The feast Crazy Horse shared later that afternoon with Little Hawk and Lone Bear should have seen his unbridled joy continue. They completed together the ceremony of dressing the animal, taking the hide and the meat before ending by facing the head to the east so that the buffalo’s spirit would always be warmed by the rising sun.
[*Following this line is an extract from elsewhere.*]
(* Suppose there exist $\bar\beta_1,\dots,\bar\beta_{m^*}\in\mathcal B^*$ and nonnegative constants $\mu_1,\dots,\mu_{m^*}$ with $\Pi^*\preceq\sum_{k=1}^{m^*}\mu_k\bar\beta_k\bar\beta_k^\top$, and set $\mu^*=\sum_k\mu_k$. If $\max_\ell|\hat\beta_\ell-\beta_\ell|\le\varepsilon$, then $$\operatorname{tr}\big((I-\widehat\Pi)\Pi^*\big)\le4\varepsilon^2\mu^*\quad\text{and}\quad\operatorname{tr}\big((\widehat\Pi-\Pi^* )^2\big)\le8\varepsilon^2\mu^*.$$
   Context: Let $\mathcal S$ be an $m^*$-dimensional linear subspace of $\mathbb R^d$ with orthogonal projector $\Pi^*$, let $\beta_1,\dots,\beta_L\in\mathcal S$, and let $\hat\beta_1,\dots,\hat\beta_L\in\mathbb R^d$ be arbitrary. $|\cdot|$ is the Euclidean norm, $I$ the $d\times d$ identity, $A\preceq B$ means $B-A$ is positive semidefinite. $\mathcal B^*=\{\sum_{\ell=1}^Lc_\ell\beta_\ell:\sum_\ell|c_\ell|\le1\}$. Let $\mathcal A_{m^*}=\{\Pi\in\mathbb R^{d\times d}:\Pi=\Pi^\top,\ 0\preceq\Pi\preceq I,\ \operatorname{tr}\Pi\le m^*\}$ and let $\widehat\Pi$ be a minimizer over $\Pi\in\mathcal A_{m^*}$ of $\max_\ell\hat\beta_\ell^\top(I-\Pi)\hat\beta_\ell$. *)

theory Defs
  imports "HOL-Analysis.Analysis"
begin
They let Little Hawk eat most of the liver in honor of his kill, but there was plenty for all of them to gorge on the sweet, tender meat. With buffalo chips, they built a small fire in the soft grass near the creek, sitting for hours, roasting meat on shaved willow sticks, enjoying the contentment of a full belly and listening to Little Hawk describe the details of a moment that he would recount for all his life. Lone Bear and Crazy Horse told the stories of their own first kills, and other stories, too, stories of hunting and war, stories of their people. They were serious at moments that demanded it, but more often, that day, they laughed together. When they were fully sated, they used the hide and fashioned a crude parfleche to carry the meat that remained, enough to feed them for days if need be.
Crazy Horse was careful to do nothing that might detract from his brother’s moment, but several times he looked up to meet Lone Bear’s inquisitive eyes. His friend knew him well, a fact Crazy Horse appreciated above almost all things. Crazy Horse struggled hard to keep the two rivers of his thoughts inside their own banks, to focus as he did when he aimed at the kill spot on a running buffalo. Yet, try as he might, he could not keep the streams from coming into confluence.
Yes, his purpose in this sacred valley was to hunt, to teach his little brother the ways of the tribe, to wander the land, and to harvest, as needed, its bounty. But there was another purpose … one that made his heart heavy with questions and fear. How could he revel fully in this day when all that it represented was at risk?